Wednesday, August 03, 2005

Two Minutes

I’m trying my best to resist the urge to spend RM260 on parts for Beethoven string quartets – and all for just some two minutes worth of a simply beautiful secondary theme of a third movement scherzo.

There’s something tremendous about chamber music. Perhaps even more so when most of one’s time is spent teaching, and orchestral playing the number two activity…. With education, one spends so much time trying to find or refine the individuality of students and then with the orchestra it seems that playing together leads to musical compromise leads to a loss of one’s one individuality. Not to mention that any deficiencies in the conductor or the orchestra leads to a lack in the message or its execution. Major solo works are a rather lonely way of spending time, and seems rather exhibitionist in the end.

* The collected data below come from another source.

text \<open>The vertex directions e of the triangles with a vertex at (\<plusminus>a, 0), resp. (0, \<plusminus>1), listed
  in the order of the vertices in tri_a_vertices and tri_1_vertices.\<close>
definition vertex_dirs_a :: "complex set" where
  "vertex_dirs_a = {1, - cnj cis_pi3, - cis_pi3, -1, cis_pi3, cnj cis_pi3}"
definition vertex_dirs_1 :: "complex set" where
  "vertex_dirs_1 = {\<i>, cnj cis_pi6, - cis_pi6, - \<i>, cis_pi6, - cnj cis_pi6}"

lemma sin_six_eq_zero_imp_cis:
  assumes "sin (6*t) = 0"
  obtains m :: nat where "m < 12" "cis t = cis (real m * pi / 6)"
proof -
  obtain n :: int where n: "6*t = of_int n * pi" using assms sin_zero_iff_int2 by blast
  obtain m :: nat where m: "n mod 12 = int m" using nonneg_eq_int[of "n mod 12"] by auto
  have "m < 12" using m pos_mod_bound[of 12 n] by simp
  define k where "k = n div 12"
  have nkm: "n = 12 * k + int m" unfolding k_def using div_mult_mod_eq[of n 12] m by linarith
  have t: "t = 2*pi * of_int k + real m * pi / 6" using n unfolding nkm by (simp add: field_simps)
  have "cis t = cis (2*pi * of_int k) * cis (real m * pi / 6)" unfolding t by (rule cis_mult[symmetric])
  also have "cis (2*pi * of_int k) = 1" by simp
  finally have "cis t = cis (real m * pi / 6)" by simp
  with \<open>m < 12\<close> show thesis using that by simp
qed

lemma cis_multiple_pi6_in_vertex_dirs:
  assumes "m < 12"
  shows "cis (real m * pi / 6) \<in> vertex_dirs_a \<union> vertex_dirs_1"
proof -
  have pi_plus: "cis (pi + x) = - cis x" and twopi_plus: "cis (2*pi + x) = cis x" for x
    by (simp_all flip: cis_mult)
  have neg: "cis (- x) = cnj (cis x)" for x by (simp add: cis_cnj)
  have "cis (real m * pi / 6) \<in> {1, -1, cis_pi3, cnj cis_pi3, -cis_pi3, -cnj cis_pi3,
      \<i>, -\<i>, cis_pi6, cnj cis_pi6, -cis_pi6, -cnj cis_pi6}"
  proof -
    have "m = 0 \<or> m = 1 \<or> m = 2 \<or> m = 3 \<or> m = 4 \<or> m = 5 \<or> m = 6 \<or> m = 7
      \<or> m = 8 \<or> m = 9 \<or> m = 10 \<or> m = 11"
      using assms by presburger
    then consider "m = 0" | "m = 1" | "m = 2" | "m = 3" | "m = 4" | "m = 5" | "m = 6" | "m = 7"
      | "m = 8" | "m = 9" | "m = 10" | "m = 11" by blast
    then show ?thesis
    proof cases
      case 1 then show ?thesis by simp
    next
      case 2 then show ?thesis unfolding cis_pi6_def by simp
    next
      case 3 then have "real m * pi / 6 = pi/3" by simp
      then show ?thesis unfolding cis_pi3_def by simp
    next
      case 4 then have "real m * pi / 6 = pi/2" by simp
      then show ?thesis by simp
    next
      case 5 then have "real m * pi / 6 = pi + - (pi/3)" by simp
      then show ?thesis unfolding cis_pi3_def by (simp only: pi_plus neg) simp
    next
      case 6 then have "real m * pi / 6 = pi + - (pi/6)" by simp
      then show ?thesis unfolding cis_pi6_def by (simp only: pi_plus neg) simp
    next
      case 7 then have "real m * pi / 6 = pi" by simp
      then show ?thesis by simp
    next
      case 8 then have "real m * pi / 6 = pi + pi/6" by simp
      then show ?thesis unfolding cis_pi6_def by (simp only: pi_plus) simp
    next
      case 9 then have "real m * pi / 6 = pi + pi/3" by simp
      then show ?thesis unfolding cis_pi3_def by (simp only: pi_plus) simp
    next
      case 10 then have "real m * pi / 6 = pi + pi/2" by simp
      then show ?thesis by (simp only: pi_plus) simp
    next
      case 11 then have "real m * pi / 6 = 2*pi + - (pi/3)" by simp
      then show ?thesis unfolding cis_pi3_def by (simp only: twopi_plus neg) simp
    next
      case 12 then have "real m * pi / 6 = 2*pi + - (pi/6)" by simp
      then show ?thesis unfolding cis_pi6_def by (simp only: twopi_plus neg) simp
    qed
  qed
  then show ?thesis unfolding vertex_dirs_a_def vertex_dirs_1_def by auto
qed

lemma vertex_dirs_a_sixth: "e \<in> vertex_dirs_a \<Longrightarrow> cmod e = 1 \<and> Re (e^6) = 1"
proof -
  have "cis_pi3 ^ 6 = 1" using power_mult[of cis_pi3 3 2] cis_pi3_cube by simp
  then show "e \<in> vertex_dirs_a \<Longrightarrow> cmod e = 1 \<and> Re (e^6) = 1"
    unfolding vertex_dirs_a_def by (auto simp: cis_pi3_def simp flip: complex_cnj_power)
qed

lemma vertex_dirs_1_sixth: "e \<in> vertex_dirs_1 \<Longrightarrow> cmod e = 1 \<and> Re (e^6) = -1"
proof -
  have "cis_pi6 ^ 6 = -1" using power_mult[of cis_pi6 3 2] cis_pi6_cube by simp
  moreover have "\<i> ^ 6 = (-1 :: complex)" using power_mult[of \<i> 2 3] by simp
  ultimately show "e \<in> vertex_dirs_1 \<Longrightarrow> cmod e = 1 \<and> Re (e^6) = -1"
    unfolding vertex_dirs_1_def by (auto simp: cis_pi6_def simp flip: complex_cnj_power)
qed

lemma local_extremum_along_path:
  fixes P :: "real \<Rightarrow> real \<times> real"
  assumes "isCont P t0" "\<And>t. P t \<in> S" "local_min_on S f (P t0) \<or> local_max_on S f (P t0)"
  shows "\<exists>d>0. (\<forall>t. \<bar>t0 - t\<bar> < d \<longrightarrow> f (P t0) \<le> f (P t))
             \<or> (\<forall>t. \<bar>t0 - t\<bar> < d \<longrightarrow> f (P t) \<le> f (P t0))"
proof -
  obtain e where "e > 0" and e: "(\<forall>q\<in>S. dist q (P t0) < e \<longrightarrow> f (P t0) \<le> f q)
      \<or> (\<forall>q\<in>S. dist q (P t0) < e \<longrightarrow> f q \<le> f (P t0))"
    using assms(3) unfolding local_min_on_def local_max_on_def by blast
  obtain d where "d > 0" and "\<forall>t. dist t t0 < d \<longrightarrow> dist (P t) (P t0) < e"
    using assms(1) \<open>e > 0\<close> unfolding continuous_at_eps_delta by blast
  then have "\<forall>t. \<bar>t0 - t\<bar> < d \<longrightarrow> dist (P t) (P t0) < e" by (simp add: dist_real_def abs_minus_commute)
  then show ?thesis using e assms(2) \<open>d > 0\<close> by blast
qed

context moderate_ellipse
begin

lemma tri_vertex_one: "tri_vertex a 1 = Complex a 0"
proof (rule tri_vertex_eqI)
  have "vertex_dir a 1 = of_real (1 + ell_kappa a + ell_gamma a)"
    unfolding vertex_dir_def centre_def by simp
  moreover have "1 + ell_kappa a + ell_gamma a > 0" using ell_coeff_bounds by simp
  ultimately show "Complex a 0 = of_real (a / (1 + ell_kappa a + ell_gamma a)) * vertex_dir a 1"
    by (simp add: complex_eq_iff)
  show "a / (1 + ell_kappa a + ell_gamma a) > 0" using \<open>_ > 0\<close> a_gt_1 by simp
  show "ell_form a (Complex a 0) = 1" unfolding ell_form_def using a_gt_1 by simp
qed simp

lemma tri_vertex_ii: "tri_vertex a \<i> = Complex 0 1"
proof (rule tri_vertex_eqI)
  have "vertex_dir a \<i> = Complex 0 (1 - (ell_gamma a - ell_kappa a))"
    unfolding vertex_dir_def centre_def by (simp add: complex_eq_iff power3_eq_cube)
  moreover have "1 - (ell_gamma a - ell_kappa a) > 0" using ell_coeff_bounds by simp
  ultimately show "Complex 0 1 = of_real (1 / (1 - (ell_gamma a - ell_kappa a))) * vertex_dir a \<i>"
    by (simp add: complex_eq_iff)
  show "1 / (1 - (ell_gamma a - ell_kappa a)) > 0" using \<open>_ > 0\<close> by simp
  show "ell_form a (Complex 0 1) = 1" unfolding ell_form_def by simp
qed simp

lemma tri_vertex_cis_pi6:
  "tri_vertex a cis_pi6 = Complex (2 * sqrt 3 * a^2 / (3*a^2 + 1)) ((3*a^2 - 1) / (3*a^2 + 1))"
proof (rule tri_vertex_eqI)
  have a: "a \<noteq> 0" and d: "3*a^2 + 1 > 0" using a_gt_1 by (simp_all add: add_nonneg_pos)
  have "vertex_dir a cis_pi6 = Complex (sqrt 3 / 2) (1/2 + (ell_gamma a - ell_kappa a))"
    unfolding vertex_dir_def centre_def complex_cnj_power[symmetric] cis_pi6_cube
    by (simp add: cis_pi6_eq complex_eq_iff)
  also have "1/2 + (ell_gamma a - ell_kappa a) = (3*a^2 - 1) / (4*a^2)"
    unfolding ell_gamma_def ell_kappa_def using a by (simp add: field_simps) algebra
  finally have V: "vertex_dir a cis_pi6 = Complex (sqrt 3 / 2) ((3*a^2 - 1) / (4*a^2))" .
  show "Complex (2 * sqrt 3 * a^2 / (3*a^2 + 1)) ((3*a^2 - 1) / (3*a^2 + 1))
      = of_real (4*a^2 / (3*a^2 + 1)) * vertex_dir a cis_pi6"
    unfolding V using a d by (simp add: complex_eq_iff)
  show "4*a^2 / (3*a^2 + 1) > 0" using a d by simp
  show "ell_form a (Complex (2 * sqrt 3 * a^2 / (3*a^2 + 1)) ((3*a^2 - 1) / (3*a^2 + 1))) = 1"
    using a d by (intro ell_form_Complex_divide) (simp_all add: power_mult_distrib, algebra)
qed (simp add: cis_pi6_def)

But with chamber music, there’s the beauty of composition turned into performance. Sure, musical conversations, fugues, counterpoint and all jazz that exist in vast amounts in orchestral work, but there’s something unique about the way it comes out in chamber groups. There’s something less contrived than having whole sections of an orchestra question-answer, and to feel individual personalities… and that the ratio group rehearsals to personal practice and is likely higher than orchestral work. From the pure blends of Borodin Quartet, to the more individual Alban Berg Quartet… It’s really, as they say, quite the something.

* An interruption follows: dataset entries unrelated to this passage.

text \<open>
  By the Myhill--Nerode theorem, the state complexity of a language equals the
  number of its distinct left quotients.  For a Boolean operation \<open>op\<close>, the language
  \<open>{w. op (w \<in> U\<^sub>m) (w \<in> U\<^sub>n\<^sup>R)}\<close> is recognised by the product of \<open>U\<^sub>m\<close> with the subset
  automaton of \<open>U\<^sub>n\<^sup>R\<close>, whose states are the \<open>m 2\<^sup>n\<close> pairs \<open>(i, S)\<close> with \<open>i < m\<close> and
  \<open>S \<subseteq> {..<n}\<close>.  Hence it suffices to show
  (1) every state \<open>(i, S)\<close> is reachable, and
  (2) two states accept the same language only if they have the same set component \<open>S\<close>
      and, unless \<open>op\<close> ignores \<open>U\<^sub>m\<close> on \<open>S\<close>, the same \<open>U\<^sub>m\<close> component.
  Since \<open>a\<close> and \<open>b\<close> act as permutations, both steps rest on connectivity arguments: a set
  closed under permutations of finite order is also closed under their inverses.  Step (1)
  first connects all pairs \<open>(i, q)\<close> of single states (the "pair graph"), then reaches sets of growing size using \<open>c\<close> and
  transpositions of adjacent states; step (2) uses synchronising words of \<open>U\<^sub>n\<close> and words
  over \<open>{a, b}\<close> separating states of \<open>U\<^sub>m\<close>.  For union, intersection and the two differences
  exactly the \<open>m - 1\<close> nonzero states with \<open>S = {..<n}\<close> or \<open>S = {}\<close> collapse; for the
  symmetric difference no states collapse.
\<close>

section \<open>Myhill--Nerode: state complexity counts left quotients\<close>

definition left_quot :: "sym list set \<Rightarrow> sym list \<Rightarrow> sym list set" where
  "left_quot L u = {w. u @ w \<in> L}"

lemma foldl_closed:
  assumes "\<forall>q<k. \<forall>s. \<delta> q s < k" and "q < k"
  shows "foldl \<delta> q w < k"
  using assms by (induction w arbitrary: q) auto

text \<open>Every complete DFA for \<open>L\<close> has at least as many states as \<open>L\<close> has left quotients:
  the quotient by \<open>u\<close> only depends on the state reached by \<open>u\<close>.\<close>
lemma card_left_quots_le:
  assumes "is_cdfa k \<delta> q0 F" and "dfa_lang \<delta> q0 F = L"
  shows "finite (range (left_quot L)) \<and> card (range (left_quot L)) \<le> k"
proof -
  define lang_of where "lang_of = (\<lambda>q. {w. foldl \<delta> q w \<in> F})"
  have "left_quot L u = lang_of (foldl \<delta> q0 u)" for u
    using assms(2) unfolding left_quot_def lang_of_def dfa_lang_def by auto
  moreover have "foldl \<delta> q0 u < k" for u
    using assms(1) foldl_closed unfolding is_cdfa_def by blast
  ultimately have "range (left_quot L) \<subseteq> lang_of ` {..<k}" by auto
  moreover have "card (lang_of ` {..<k}) \<le> k"
    using card_image_le[of "{..<k}" lang_of] by simp
  ultimately show ?thesis by (meson card_mono finite_imageI finite_lessThan finite_subset le_trans)
qed

text \<open>Conversely, the left quotients themselves form a complete DFA for \<open>L\<close>
  (transported to the state set \<open>{0..<card Q}\<close> along a bijection).\<close>
lemma quotient_dfa:
  assumes fin: "finite (range (left_quot L))"
  shows "\<exists>\<delta> q0 F. is_cdfa (card (range (left_quot L))) \<delta> q0 F \<and> dfa_lang \<delta> q0 F = L"
proof -
  define Q where "Q = range (left_quot L)"
  define K where "K = card Q"
  obtain h where h: "bij_betw h {0..<K} Q"
    using ex_bij_betw_nat_finite[of Q] fin unfolding Q_def K_def by blast
  define idx where "idx = the_inv_into {0..<K} h"
  have idx_lt: "idx X < K" if "X \<in> Q" for X
    using h that unfolding idx_def
    by (metis atLeastLessThan_iff bij_betw_def the_inv_into_into order_refl)
  have h_idx: "h (idx X) = X" if "X \<in> Q" for X
    using h that unfolding idx_def by (meson bij_betw_def f_the_inv_into_f_bij_betw)
  have in_Q: "left_quot L u \<in> Q" for u
    unfolding Q_def by simp
  define \<delta> where "\<delta> = (\<lambda>i s. idx {w. s # w \<in> h i})"
  define F where "F = {i. i < K \<and> [] \<in> h i}"
  have step: "{w. s # w \<in> left_quot L u} = left_quot L (u @ [s])" for s u
    unfolding left_quot_def by auto
  have run: "foldl \<delta> (idx (left_quot L [])) u = idx (left_quot L u)" for u
  proof (induction u rule: rev_induct)
    case (snoc s u)
    then show ?case unfolding \<delta>_def by (simp add: h_idx in_Q step)
  qed simp
  have "is_cdfa K \<delta> (idx (left_quot L [])) F"
    unfolding is_cdfa_def
  proof (intro conjI allI impI)
    show "idx (left_quot L []) < K" using idx_lt in_Q by blast
    fix q s assume "q < K"
    then have "h q \<in> Q" using h by (auto simp: bij_betw_def)
    then obtain u where "h q = left_quot L u" unfolding Q_def by auto
    then show "\<delta> q s < K" unfolding \<delta>_def using idx_lt in_Q step by simp
  qed (auto simp: F_def)
  moreover have "w \<in> dfa_lang \<delta> (idx (left_quot L [])) F \<longleftrightarrow> w \<in> L" for w
    unfolding dfa_lang_def F_def using run idx_lt h_idx in_Q by (simp add: left_quot_def)
  ultimately show ?thesis unfolding K_def Q_def by blast
qed
lemma all_10: "(\<forall>i :: 10. P i) \<longleftrightarrow> P 0 \<and> P 1 \<and> P 2 \<and> P 3 \<and> P 4 \<and> P 5 \<and> P 6 \<and> P 7 \<and> P 8 \<and> P 9"
  by (metis UNIV_10 UNIV_I insertE empty_iff)

lemma vec10_eq_iff:
  "p = q \<longleftrightarrow> p$0 = q$0 \<and> p$1 = q$1 \<and> p$2 = q$2 \<and> p$3 = q$3 \<and> p$4 = q$4 \<and>
     p$5 = q$5 \<and> p$6 = q$6 \<and> p$7 = q$7 \<and> p$8 = q$8 \<and> p$9 = q$9"
  for p q :: "'a ^ 10"
  unfolding vec_eq_iff all_10 ..

definition vec10 :: "'a \<Rightarrow> 'a \<Rightarrow> 'a \<Rightarrow> 'a \<Rightarrow> 'a \<Rightarrow> 'a \<Rightarrow> 'a \<Rightarrow> 'a \<Rightarrow> 'a \<Rightarrow> 'a \<Rightarrow> 'a ^ 10" where
  "vec10 a0 a1 a2 a3 a4 a5 a6 a7 a8 a9 = (\<chi> i. if i = 0 then a0 else if i = 1 then a1
     else if i = 2 then a2 else if i = 3 then a3 else if i = 4 then a4 else if i = 5 then a5
     else if i = 6 then a6 else if i = 7 then a7 else if i = 8 then a8 else a9)"

lemma vec10_nth [simp]:
  "vec10 a0 a1 a2 a3 a4 a5 a6 a7 a8 a9 $ 0 = a0"
  "vec10 a0 a1 a2 a3 a4 a5 a6 a7 a8 a9 $ 1 = a1"
  "vec10 a0 a1 a2 a3 a4 a5 a6 a7 a8 a9 $ 2 = a2"
  "vec10 a0 a1 a2 a3 a4 a5 a6 a7 a8 a9 $ 3 = a3"
  "vec10 a0 a1 a2 a3 a4 a5 a6 a7 a8 a9 $ 4 = a4"
  "vec10 a0 a1 a2 a3 a4 a5 a6 a7 a8 a9 $ 5 = a5"
  "vec10 a0 a1 a2 a3 a4 a5 a6 a7 a8 a9 $ 6 = a6"
  "vec10 a0 a1 a2 a3 a4 a5 a6 a7 a8 a9 $ 7 = a7"
  "vec10 a0 a1 a2 a3 a4 a5 a6 a7 a8 a9 $ 8 = a8"
  "vec10 a0 a1 a2 a3 a4 a5 a6 a7 a8 a9 $ 9 = a9"
  by (simp_all add: vec10_def)

lemma axis_nth_if: "axis j x $ i = (if i = j then x else 0)"
  by (simp add: axis_def)

text \<open>Coordinates \<open>0..4\<close> form \<open>x\<close> and \<open>5..9\<close> form \<open>y\<close>; only \<open>c $ 0, \<dots>, c $ 4\<close> matter.
  Indices live in the ring \<open>10\<close>, so \<open>j - 5\<close> below is the \<open>x\<close>-partner of \<open>y\<close>-coordinate \<open>j\<close>.\<close>

definition maiorana_mcfarland :: "bit ^ 10 \<Rightarrow> (bit ^ 10 \<Rightarrow> bit) \<Rightarrow> bit ^ 10 \<Rightarrow> bit" where
  "maiorana_mcfarland c g p = (p$0 + c$0) * p$5 + (p$1 + c$1) * p$6 + (p$2 + c$2) * p$7
     + (p$3 + c$3) * p$8 + (p$4 + c$4) * p$9 + g p"

lemma maiorana_mcfarland_add_axis:
  assumes "j \<in> {5, 6, 7, 8, 9}" and "g (p + axis j 1) = g p"
  shows "maiorana_mcfarland c g (p + axis j 1) = maiorana_mcfarland c g p + (p $ (j - 5) + c $ (j - 5))"
proof -
  from assms(1) have "j = 5 \<or> j = 6 \<or> j = 7 \<or> j = 8 \<or> j = 9"
    by simp
  then show ?thesis
    using assms(2) unfolding maiorana_mcfarland_def
    by (elim disjE) (simp_all add: axis_nth_if distrib_left)
qed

Not that it doesn’t come without some personal cost – I’ve been told that the Guaneri Quartet traveled on separate flights, stayed in different hotels and refused to even look at each other when they played because outside of pure music, the members couldn’t stand each other. But still, more often than not, serious musicians who are in the profession at least in part for the real love of it all and not just as a job, seem to have some internal compass with chamber music permanently affixed as North.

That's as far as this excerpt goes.